How to change the values of the colorbar without changing the heatmap in python matplotlib?


I have a heatmap fuse to a scatterplot and I want to change the value of the colorbar ticks. The colorbar take heatmap value(0 to 1100) but I want to have a colorbar with temperature values(6,33). How can I do that without changing the apparence of the heatmap. I try to use climbut it change the apparence of the heatmap. Here's the code:

import pandas as pd
import matplotlib.pyplot as plt
import numpy as np

df = pd.read_csv("data/forestfires.csv")

x_number_list = df.X.tolist()
y_number_list = df.Y.tolist()
x_number_list = np.array(x_number_list)
y_number_list = np.array(y_number_list)

area_number_list = df.area.tolist()
area_number_list = [int(round(x+1,0)) for x in area_number_list]
temperature_number_list = df.temp.tolist()
temperature_number_list = np.array(temperature_number_list)

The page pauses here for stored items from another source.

lemma integer_mod_product_generated_by_units:
  fixes P :: "'a set" and m :: "'a \<Rightarrow> nat"
  defines "Z \<equiv> product_group P (\<lambda>q. integer_mod_group (m q))"
  assumes "finite P" and m: "\<And>q. q \<in> P \<Longrightarrow> m q \<ge> 2"
  shows "carrier Z \<subseteq> generate Z ((\<lambda>q. \<lambda>q'\<in>P. if q' = q then 1 else 0) ` P)"
proof -
  let ?U = "(\<lambda>q. \<lambda>q'\<in>P. if q' = q then 1 else 0) ` P"
  have "a \<in> generate Z ?U" if "a \<in> carrier Z" "nat (sum a P) = N" for a N
    using that
  proof (induction N arbitrary: a rule: less_induct)
    case (less N)
    have a_nonneg: "0 \<le> a q" if "q \<in> P" for q
    proof -
      have "a q \<in> carrier (integer_mod_group (m q))"
        using less.prems(1) that by (simp add: Z_def carrier_product_group PiE_iff)
      then show ?thesis using m[OF that] by (simp add: carrier_integer_mod_group)
    qed
    show ?case
    proof (cases "\<forall>q\<in>P. a q = 0")
      case True
      then have "a = \<one>\<^bsub>Z\<^esub>"
        using less.prems(1) by (auto simp: Z_def PiE_iff extensional_def fun_eq_iff)
      then show ?thesis by (simp add: generate.one)
    next
      case False
      then obtain q where q: "q \<in> P" "a q \<noteq> 0" by blast
      define a' where "a' = a(q := a q - 1)"
      note decrement = integer_mod_product_decrement[OF m less.prems(1)[unfolded Z_def] q,
          folded a'_def Z_def]
      have "sum a' P = sum a P - 1"
        using q \<open>finite P\<close> by (simp add: a'_def sum.remove)
      moreover have "sum a P > 0"
        using a_nonneg q \<open>finite P\<close> by (metis (no_types, lifting) order_le_less sum_pos2)
      ultimately have "nat (sum a' P) < N" using less.prems(2) by simp
      then have "a' \<in> generate Z ?U" using less.IH decrement(1) by blast
      moreover have "(\<lambda>q'\<in>P. if q' = q then 1 else 0) \<in> generate Z ?U"
        using q by (intro generate.incl) blast
      ultimately show ?thesis using decrement(2) by (metis Z_def generate.eng)
    qed
  qed
  then show ?thesis by blast
qed

text \<open>Otherwise simp rewrites \<open>carrier G\<close> and \<open>{1..k}\<close> away, and lemmas stated in these terms
  no longer apply.\<close>
declare carrier_product_group [simp del] One_nat_def [simp del]

lemma mod_cocycle_identity:
  fixes m l :: int
  assumes "m dvd l"
  shows "(a * b mod m + (a + a') mod l * c mod m) mod m
    = (a' * c mod m + a * ((b + c) mod m) mod m) mod m"
proof -
  have "(a + a') mod l * c mod m = (a + a') * c mod m"
    by (metis assms mod_mod_cancel mod_mult_left_eq)
  then have "(a * b mod m + (a + a') mod l * c mod m) mod m = (a * b + (a + a') * c) mod m"
    by (simp add: mod_add_eq)
  also have "\<dots> = (a' * c + a * (b + c)) mod m"
    by (simp add: algebra_simps)
  also have "\<dots> = (a' * c mod m + a * ((b + c) mod m) mod m) mod m"
    by (simp add: mod_add_eq mod_mult_right_eq)
  finally show ?thesis .
qed

locale cyclic_product =
  fixes k :: nat and n :: "nat \<Rightarrow> nat"
  assumes n_ge_2: "\<And>i. i \<in> {1..k} \<Longrightarrow> n i \<ge> 2"
    and n_dvd: "\<And>i j. 1 \<le> i \<Longrightarrow> i \<le> j \<Longrightarrow> j \<le> k \<Longrightarrow> n j dvd n i"
begin

lemma n_gt_1 [simp]: "1 \<le> i \<Longrightarrow> i \<le> k \<Longrightarrow> 1 < n i"
  using n_ge_2[of i] by simp

lemma n_pos [simp]: "1 \<le> i \<Longrightarrow> i \<le> k \<Longrightarrow> 0 < n i"
  using n_ge_2[of i] by simp

abbreviation G where "G \<equiv> product_group {1..k} (\<lambda>i. integer_mod_group (n i))"

lemma carrier_G: "carrier G = (\<Pi>\<^sub>E i\<in>{1..k}. {0..<int (n i)})"
  unfolding carrier_product_group
  by (rule PiE_cong) (use n_ge_2 in \<open>fastforce simp: carrier_integer_mod_group\<close>)

lemma finite_carrier_G: "finite (carrier G)"
  by (simp add: carrier_G finite_PiE)

lemma comm_group_G: "comm_group G"
  by (rule comm_group_product_group) simp

definition reduce :: "(nat \<Rightarrow> int) \<Rightarrow> nat \<Rightarrow> int" where
  "reduce u = (\<lambda>i\<in>{1..k}. u i mod int (n i))"

lemma reduce_closed: "reduce u \<in> carrier G"
  by (auto simp: carrier_G reduce_def)

lemma reduce_id: "x \<in> carrier G \<Longrightarrow> reduce x = x"
  by (auto simp: carrier_G reduce_def PiE_iff extensional_def fun_eq_iff mod_pos_pos_trivial)

lemma reduce_cong:
  "(\<And>i. i \<in> {1..k} \<Longrightarrow> int (n i) dvd u i - v i) \<Longrightarrow> reduce u = reduce v"
  by (auto simp: reduce_def fun_eq_iff mod_eq_dvd_iff)

lemma reduce_add: "reduce u \<otimes>\<^bsub>G\<^esub> reduce v = reduce (\<lambda>i. u i + v i)"
  by (auto simp: reduce_def fun_eq_iff mod_simps)

definition basis :: "nat \<Rightarrow> nat \<Rightarrow> int" where
  "basis i = (\<lambda>t\<in>{1..k}. if t = i then 1 else 0)"

lemma reduce_dvd_diff: "i \<in> {1..k} \<Longrightarrow> int (n i) dvd u i - reduce u i"
  by (simp add: reduce_def dvd_minus_mod)

lemma carrier_dvd_imp_zero:
  "x \<in> carrier G \<Longrightarrow> i \<in> {1..k} \<Longrightarrow> int (n i) dvd x i \<Longrightarrow> x i = 0"
  by (auto simp: carrier_G PiE_iff dvd_eq_mod_eq_0 mod_pos_pos_trivial)

lemma basis_closed: "i \<in> {1..k} \<Longrightarrow> basis i \<in> carrier G"
  by (auto simp: carrier_G basis_def)

definition pairs :: "(nat \<times> nat) set" where
  "pairs = {(i, j). 1 \<le> i \<and> i < j \<and> j \<le> k}"

lemma finite_pairs: "finite pairs"
  by (rule finite_subset[of _ "{1..k} \<times> {1..k}"]) (auto simp: pairs_def)

abbreviation multiplier where
  "multiplier \<equiv> product_group pairs (\<lambda>q. integer_mod_group (n (snd q)))"

lemma pairs_n_ge_2: "q \<in> pairs \<Longrightarrow> n (snd q) \<ge> 2"
  using n_ge_2 by (auto simp: pairs_def)

lemma carrier_multiplier: "carrier multiplier = (\<Pi>\<^sub>E q\<in>pairs. {0..<int (n (snd q))})"
  unfolding carrier_product_group
  by (rule PiE_cong) (use pairs_n_ge_2 in \<open>fastforce simp: carrier_integer_mod_group\<close>)

lemma finite_carrier_multiplier: "finite (carrier multiplier)"
  by (simp add: carrier_multiplier finite_PiE finite_pairs)

lemma comm_group_multiplier: "comm_group multiplier"
  by (rule comm_group_product_group) simp

lemma restrict_mod_closed: "(\<lambda>q\<in>pairs. f q mod int (n (snd q))) \<in> carrier multiplier"
proof -
  have "0 < int (n (snd q))" if "q \<in> pairs" for q using pairs_n_ge_2[OF that] by simp
  then show ?thesis by (auto simp: carrier_multiplier)
qed

definition minor_cocycle :: "(nat \<Rightarrow> int) \<Rightarrow> (nat \<Rightarrow> int) \<Rightarrow> nat \<times> nat \<Rightarrow> int" where
  "minor_cocycle x y = (\<lambda>q\<in>pairs. x (fst q) * y (snd q) mod int (n (snd q)))"

definition minors :: "(nat \<Rightarrow> int) \<Rightarrow> (nat \<Rightarrow> int) \<Rightarrow> nat \<times> nat \<Rightarrow> int" where
  "minors x y =
     (\<lambda>q\<in>pairs. (x (fst q) * y (snd q) - x (snd q) * y (fst q)) mod int (n (snd q)))"

definition minors_vanish :: "(nat \<Rightarrow> int) \<Rightarrow> (nat \<Rightarrow> int) \<Rightarrow> bool" where
  "minors_vanish x y \<longleftrightarrow>
     (\<forall>i j. 1 \<le> i \<longrightarrow> i < j \<longrightarrow> j \<le> k \<longrightarrow> int (n j) dvd x i * y j - x j * y i)"

lemma minors_closed: "minors x y \<in> carrier multiplier"
  unfolding minors_def by (rule restrict_mod_closed)

lemma minors_eq_one_iff: "minors x y = \<one>\<^bsub>multiplier\<^esub> \<longleftrightarrow> minors_vanish x y"
  by (auto simp: minors_def minors_vanish_def pairs_def fun_eq_iff dvd_eq_mod_eq_0)

lemma minors_vanishD:
  "minors_vanish x y \<Longrightarrow> 1 \<le> i \<Longrightarrow> i < j \<Longrightarrow> j \<le> k \<Longrightarrow> int (n j) dvd x i * y j - x j * y i"
  by (simp add: minors_vanish_def)

lemma minors_vanish_refl: "minors_vanish x x"
  by (simp add: minors_vanish_def)

lemma minors_vanish_sym: "minors_vanish x y \<Longrightarrow> minors_vanish y x"
  unfolding minors_vanish_def by (metis dvd_minus_iff minus_diff_eq mult.commute)

lemma minors_vanish_reduce_smult: "minors_vanish x (reduce (\<lambda>i. c * x i))"
  unfolding minors_vanish_def
proof (intro allI impI)
  fix i j assume ij: "1 \<le> i" "i < j" "j \<le> k"
  obtain d where d: "n i = n j * d" using n_dvd[of i j] ij by auto
  have "x i * reduce (\<lambda>i. c * x i) j - x j * reduce (\<lambda>i. c * x i) i
      = int (n j) * (x j * (c * x i div int (n i)) * int d - x i * (c * x j div int (n j)))"
    using ij by (simp add: reduce_def minus_div_mult_eq_mod[symmetric] d algebra_simps)
  then show "int (n j) dvd x i * reduce (\<lambda>i. c * x i) j - x j * reduce (\<lambda>i. c * x i) i"
    by simp
qed

lemma minors_vanish_first_axis_iff:
  "minors_vanish x (\<lambda>t\<in>{1..k}. if t = 1 then c else 0)
    \<longleftrightarrow> (\<forall>j. 2 \<le> j \<longrightarrow> j \<le> k \<longrightarrow> int (n j) dvd c * x j)"
  unfolding minors_vanish_def
  by (auto simp: mult.commute)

heatmap, xedges, yedges = np.histogram2d(y_number_list, x_number_list, weights=temperature_number_list)
fig, ax1 = plt.subplots(figsize=(7,7))
im = ax1.imshow(heatmap, interpolation='bicubic', cmap='hot', origin='lower') #bicubic
ax1.scatter(x_number_list, y_number_list, s=area_number_list, color=(157/255, 173/255, 245/255, 0.9))
ax1.set_ylim(y_number_list.min()-0.5, y_number_list.max()+0.5)
ax1.set_xlim(x_number_list.min()-0.5, x_number_list.max()+0.5)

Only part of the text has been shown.